Micro-post:
I was truly shocked to find today that in JavaScript regular expressions, .
(the decimal point) doesn't do what I thought it did. I thought .
meant "match any character." You too? Yeah. But it doesn't. Specifically, .
doesn't match line terminators (so, \r
, \n
, \u2028
, and \u2029
). From Section 15.10.2.8:
The productionAtom :: .
evaluates as follows:
- Let A be the set of all characters except LineTerminator.
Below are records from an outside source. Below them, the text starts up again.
lemma cusp_sing_conformal_factor:
  assumes lam: "lam > 2 * suminf a"
  shows "cusp_sing (conformal_factor lam) (z k)"
proof -
  obtain r g \<Phi> where r: "r > 0" and g_hol: "g holomorphic_on ball (z k) r"
    and gk: "g (z k) = of_real (a k)" and \<Phi>: "continuous_on (ball (z k) r) \<Phi>"
    and sub: "ball (z k) r - {z k} \<subseteq> unit_disc - range z"
    and g: "\<And>x. x \<in> ball (z k) r - {z k} \<Longrightarrow> pole_sum x = g x / (x - z k)"
    and log: "\<And>x. x \<in> ball (z k) r - {z k} \<Longrightarrow> log_potential x = a k * ln (cmod (x - z k)) + \<Phi> x"
    by (rule pole_expansion[of k]) (rule that)
  have "isCont g (z k)" "isCont \<Phi> (z k)"
    using holomorphic_on_imp_continuous_on[OF g_hol] \<Phi> r
    by (simp_all add: continuous_on_eq_continuous_at[OF open_ball])
  have "g (z k) \<noteq> 0" using gk a_pos[of k] by simp
  then obtain e where e: "e > 0" "\<And>y. dist (z k) y < e \<Longrightarrow> g y \<noteq> 0"
    using continuous_at_avoid[OF \<open>isCont g (z k)\<close>] by blast
  text \<open>Writing \<open>\<lambda> - \<phi> = L Q\<close> with \<open>L = - ln |x - z\<^sub>k|\<close> isolates the cusp term \<open>ln L\<close>;
    \<open>Q\<close> tends to \<open>a\<^sub>k\<close>.\<close>
  define Q where "Q x = (lam - \<Phi> x) / (- ln (cmod (x - z k))) + a k" for x
  define d where "d = min r (min e 1)"
  have "d > 0" using r e(1) by (simp add: d_def)
  have ev: "\<forall>\<^sub>F x in at (z k). ln (cmod (g x)) - ln (Q x)
      = conformal_factor lam x + ln (cmod (x - z k)) + ln (- ln (cmod (x - z k)))"
    using eventually_at_ball'[OF \<open>d > 0\<close>, of "z k" UNIV]
  proof (rule eventually_mono)
    fix x assume "x \<in> ball (z k) d \<and> x \<noteq> z k \<and> x \<in> UNIV"
    then have x: "x \<in> ball (z k) (min r (min e 1)) \<and> x \<noteq> z k" by (simp add: d_def)
    define L where "L = - ln (cmod (x - z k))"
    have "L > 0" using x by (simp add: L_def dist_norm norm_minus_commute)
    have x_ball: "x \<in> ball (z k) r - {z k}" using x by auto
    have "g x \<noteq> 0" using e x by auto
    have gap: "lam - log_potential x = L * Q x"
      using log[OF x_ball] \<open>L > 0\<close> by (simp add: Q_def L_def field_simps)
    moreover have "lam - log_potential x > 0"
      using potential_gap_pos[OF _ lam] sub x_ball by blast
    ultimately have "Q x > 0" using \<open>L > 0\<close> zero_less_mult_pos by metis
    then have "conformal_factor lam x = ln (cmod (g x)) - ln (cmod (x - z k)) - (ln L + ln (Q x))"
      using g[OF x_ball] \<open>g x \<noteq> 0\<close> \<open>L > 0\<close> x
      unfolding conformal_factor_def gap by (simp add: norm_divide ln_div ln_mult)
    then show "ln (cmod (g x)) - ln (Q x)
        = conformal_factor lam x + ln (cmod (x - z k)) + ln (- ln (cmod (x - z k)))"
      by (simp add: L_def)
  qed
  have "((\<lambda>x. lam - \<Phi> x) \<longlongrightarrow> lam - \<Phi> (z k)) (at (z k))"
    using \<open>isCont \<Phi> (z k)\<close> by (intro tendsto_diff tendsto_const) (simp add: isCont_def)
  then have "(Q \<longlongrightarrow> 0 + a k) (at (z k))"
    unfolding Q_def by (intro tendsto_add tendsto_const tendsto_divide_0 neg_ln_norm_diff_at_infinity)
  then have lim: "((\<lambda>x. ln (cmod (g x)) - ln (Q x)) \<longlongrightarrow> ln (cmod (g (z k))) - ln (0 + a k)) (at (z k))"
    using \<open>isCont g (z k)\<close> \<open>g (z k) \<noteq> 0\<close> a_pos[of k]
    by (intro tendsto_diff tendsto_ln tendsto_norm) (auto simp: isCont_def)
  show ?thesis unfolding cusp_sing_def using tendsto_cong[OF ev, THEN iffD1, OF lim] by blast
qed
- Call CharacterSetMatcher(A, false) and return its
Matcher
result.
...which if you spend really quite a long time looking tells you that .
matches anything but line terminators.
Maybe I'm just parading my ignorance here, but I would have thought that absent the "multiline" flag or something, .
matched everything. Nope. If you want to do that, use [\s\S]
(e.g., everything that either is or isn't whitespace).
Happy coding!
3 comments:
I won't pretend I knew but I with my experience of PHP/PCRE, I would have suspected that new lines could be treated differently.
And there's more:
http://php.net/manual/en/reference.pcre.pattern.modifiers.php
I wonder if for example, the PCRE_MULTILINE switch isn't another potential trap in JavaScript regular expressions. I'm mixing PHP and JS but you get the point, right.
That's what I meant about "absent the 'multiline' flag or something" (JavaScript's multiline flag is pretty much like PHP's and Perl's).